Das Team Visma–Lease a Bike mit Jonas Vingegaard hat am Samstag das Mannschaftszeitfahren beim Grand Départ der 113. Tour de France in Barcelona gewonnen und damit den ersten Etappensieg der Rundfahrt eingefahren.
Der Auftakt der Frankreich-Rundfahrt stand erstmals seit 1971 wieder als Mannschaftszeitfahren auf dem Programm. Über 19,6 Kilometer führte der Kurs durch Barcelona, vorbei an der Basilika Sagrada Família und mit zwei kurzen Anstiegen vor dem Ziel. Insgesamt 23 Teams traten mit je acht Fahrern an, doch nur die Zeit des schnellsten Fahrers jeder Equipe zählte für das Etappenergebnis – eine neue, nicht unumstrittene Regelung.
Streckenprofil und neuer Modus
Visma–Lease a Bike setzte die Bestzeit mit 21:47 Minuten und verwies Filippo Ganna vom Team Netcompany Ineos mit acht Sekunden Rückstand auf Rang zwei. Ganna hatte zuvor als Solist mit einer Durchschnittsgeschwindigkeit von 53,6 km/h zwischenzeitlich eine neue Bestmarke gesetzt. Doch Vingegaard unterbot diese mit 53,7 km/h im Schnitt und war damit der einzige Fahrer, der Gannas Zeit unterbieten konnte.

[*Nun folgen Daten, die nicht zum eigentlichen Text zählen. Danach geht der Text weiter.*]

definition apply_op :: "qpoly \<Rightarrow> qpoly \<Rightarrow> qpoly" where
  "apply_op P Q = (\<Sum>m\<in>Poly_Mapping.keys P. const (Poly_Mapping.lookup P m) * diff_mono m Q)"

definition I_of :: "qpoly \<Rightarrow> qpoly set" where
  "I_of R = {P. \<forall>m. apply_op P (diff_mono m R) = 0}"

definition is_partition :: "nat list \<Rightarrow> nat \<Rightarrow> bool" where
  "is_partition mu N \<longleftrightarrow> sorted_wrt (\<ge>) mu \<and> (\<forall>p\<in>set mu. p > 0) \<and> sum_list mu = N"

text \<open>Ferrers diagram: cells (a,b), a = row, b = column\<close>
definition ferrers :: "nat list \<Rightarrow> (nat \<times> nat) set" where
  "ferrers mu = {(a, b). a < length mu \<and> b < mu ! a}"

definition shadow :: "nat list \<Rightarrow> nat \<Rightarrow> nat \<Rightarrow> (nat \<times> nat) set" where
  "shadow mu i j = {(a, b). (a, b) \<in> ferrers mu \<and> a \<ge> i \<and> b \<ge> j}"

definition cell_less :: "nat \<times> nat \<Rightarrow> nat \<times> nat \<Rightarrow> bool" where
  "cell_less c c' \<longleftrightarrow> snd c < snd c' \<or> (snd c = snd c' \<and> fst c < fst c')"

definition cells_sorted :: "(nat \<times> nat) set \<Rightarrow> (nat \<times> nat) list" where
  "cells_sorted L = (THE cs. sorted_wrt cell_less cs \<and> set cs = L)"

text \<open>Delta_L = det (x_r^{p_t} y_r^{q_t})_{1 \<le> r,t \<le> m}, written by the Leibniz formula\<close>
definition Delta :: "(nat \<times> nat) set \<Rightarrow> qpoly" where
  "Delta L = (let cs = cells_sorted L; m = length cs in
     (\<Sum>\<sigma> | \<sigma> permutes {1..m}. const (of_int (sign \<sigma>)) *
        (\<Prod>r\<in>{1..m}. monom (Poly_Mapping.single (X r) (fst (cs ! (\<sigma> r - 1)))
                             + Poly_Mapping.single (Y r) (snd (cs ! (\<sigma> r - 1)))))))"

text \<open>a filling: a set W of k white cells in the shadow, and a bijection f from {1..n}
  onto the remaining cells (f t = cell containing t)\<close>
definition fillings :: "nat list \<Rightarrow> nat \<Rightarrow> nat \<Rightarrow> nat \<Rightarrow> nat \<Rightarrow> (nat \<Rightarrow> nat \<times> nat) set" where
  "fillings mu i j n k = {f. \<exists>W. W \<subseteq> shadow mu i j \<and> card W = k \<and>
       bij_betw f {1..n} (ferrers mu - W) \<and> (\<forall>t. t \<notin> {1..n} \<longrightarrow> f t = undefined)}"

text \<open>the point of Q^{2n} attached to a filling, as an assignment x_t := alpha_{r_t}, y_t := beta_{c_t}
  (variables outside x_1..x_n, y_1..y_n are set to 0; only polynomials of Q[X_n,Y_n] are evaluated)\<close>
definition point_of :: "(nat \<Rightarrow> rat) \<Rightarrow> (nat \<Rightarrow> rat) \<Rightarrow> nat \<Rightarrow> (nat \<Rightarrow> nat \<times> nat) \<Rightarrow> pvar \<Rightarrow> rat" where
  "point_of \<alpha> \<beta> n f v = (case v of
      X t \<Rightarrow> if 1 \<le> t \<and> t \<le> n then \<alpha> (fst (f t)) else 0
    | Y t \<Rightarrow> if 1 \<le> t \<and> t \<le> n then \<beta> (snd (f t)) else 0)"

definition rho :: "nat list \<Rightarrow> nat \<Rightarrow> nat \<Rightarrow> nat \<Rightarrow> nat \<Rightarrow> (nat \<Rightarrow> rat) \<Rightarrow> (nat \<Rightarrow> rat) \<Rightarrow> (pvar \<Rightarrow> rat) set" where
  "rho mu i j n k \<alpha> \<beta> = point_of \<alpha> \<beta> n ` fillings mu i j n k"

definition vanishing_ideal :: "nat \<Rightarrow> (pvar \<Rightarrow> rat) set \<Rightarrow> qpoly set" where
  "vanishing_ideal n R = {p. in_QXY n p \<and> (\<forall>pt\<in>R. eval p pt = 0)}"

definition gr_ideal :: "nat \<Rightarrow> qpoly set \<Rightarrow> qpoly set" where
  "gr_ideal n J = ideal_gen {p. in_QXY n p} (top_form ` J)"

definition shift_mono :: "nat \<Rightarrow> (nat \<times> nat) list \<Rightarrow> mon" where
  "shift_mono n cs = (\<Sum>s<length cs. Poly_Mapping.single (X (n + s + 1)) (fst (cs ! s))
                                    + Poly_Mapping.single (Y (n + s + 1)) (snd (cs ! s)))"

end

theory Submission
  imports Defs "Jordan_Normal_Form.Determinant" "HOL-Library.Product_Lexorder"
begin

text \<open>Let \<open>\<Phi>\<close> be the alternant \<open>det (exp (\<alpha>\<^sub>p\<^sub>t x\<^sub>r + \<beta>\<^sub>q\<^sub>t y\<^sub>r))\<close> over the cells
  \<open>(p\<^sub>t, q\<^sub>t)\<close> of \<open>\<mu>\<close>: a signed sum of exponentials at the points that the permutations of
  the cells assign to the variables. Its lowest homogeneous part is a nonzero multiple of
  \<open>\<Delta>\<^sub>\<mu>\<close>, as one sees after a triangular change of columns by divided differences, which turns
  the powers \<open>\<alpha>\<^sub>p\<^sup>a \<beta>\<^sub>q\<^sup>b\<close> into Kronecker deltas in low degree.

  For shadow cells \<open>(a\<^sub>s, b\<^sub>s)\<close> the operator
  \<open>\<Prod>s. \<Prod>p<a\<^sub>s. (\<partial>x\<^sub>n\<^sub>+\<^sub>s - \<alpha>\<^sub>p) * \<Prod>q<b\<^sub>s. (\<partial>y\<^sub>n\<^sub>+\<^sub>s - \<beta>\<^sub>q)\<close> kills every exponential
  whose last \<open>k\<close> points do not come from shadow cells; the surviving ones are, in the first
  \<open>n\<close> coordinates, points of \<open>\<rho>\<^sup>k\<close>. Hence \<open>f(\<partial>)\<close> kills the result whenever \<open>f\<close> vanishes on
  \<open>\<rho>\<^sup>k\<close>, and in the lowest degree this says that the top form of \<open>f\<close> kills
  \<open>\<partial>x\<^sup>a \<partial>y\<^sup>b \<Delta>\<^sub>\<mu>\<close>. Being killed by \<open>g(\<partial>)\<close> together with all derivatives passes to the
  ideal generated by such \<open>g\<close>.\<close>

section \<open>Polynomial differential operators on coefficient series\<close>

text \<open>A function \<open>F :: mon \<Rightarrow> rat\<close> stands for the formal power series \<open>\<Sum>m. F m * x\<^sup>m\<close>; it
  need not have finite support.\<close>

definition deriv_coeff :: "mon \<Rightarrow> mon \<Rightarrow> rat" where
  "deriv_coeff m u = (\<Prod>v\<in>Poly_Mapping.keys u.
     (fact (Poly_Mapping.lookup m v + Poly_Mapping.lookup u v) :: rat) / fact (Poly_Mapping.lookup m v))"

Weil Jonas Vingegaard als Erster seines Teams über die Ziellinie fuhr, schlüpfte der Däne ins «Maillot jaune». Es ist sein erstes Gelbes Trikot seit 2023, als er seine zweite Tour de France gewann. Der 29-Jährige strebt nun seinen dritten Gesamtsieg an, wie er nach der Etappe deutlich machte. „Es ist das größte Rennen der Welt. Es ist ein toller Sieg für uns. Ich habe sieben Teamkollegen, die sich heute für mich geopfert haben. Ich trage zwar das Gelbe Trikot, aber sie haben auch die Etappe gewonnen und ich möchte meinen Teamkollegen und meinem Team dafür danken“, sagte Vingegaard im Ziel.
Das Duell der Rivalen
Der slowenische Topfavorit Tadej Pogacar kam mit seinem UAE-Team als Dritter ins Ziel und hatte einen Rückstand von 12 Sekunden auf den Sieger. Damit feierte Vingegaard den ersten Punktsieg im lang erwarteten Duell der beiden Rivalen. Im Gesamtklassement liegt Vingegaard mit einer Zeit von 21:47 Minuten vor Ganna (8 Sekunden zurück) und Pogacar (12 Sekunden zurück). Seit 2021 gingen die Plätze eins und zwei der Gesamtwertung jeweils an Pogacar und Vingegaard.
Pogacar, viermaliger Gesamtsieger der Tour und Vorjahressieger, will mit dem diesjährigen Rennen seinen Hattrick und seinen insgesamt fünften Triumph perfekt machen. Im Ziel sprach er von rund elf Sekunden Rückstand auf den Dänen. Beim Schlussanstieg zum Olympiastadion in Barcelona hatte Pogacar noch einmal zur Attacke angesetzt, doch der Rückstand ließ sich nicht mehr entscheidend verkürzen.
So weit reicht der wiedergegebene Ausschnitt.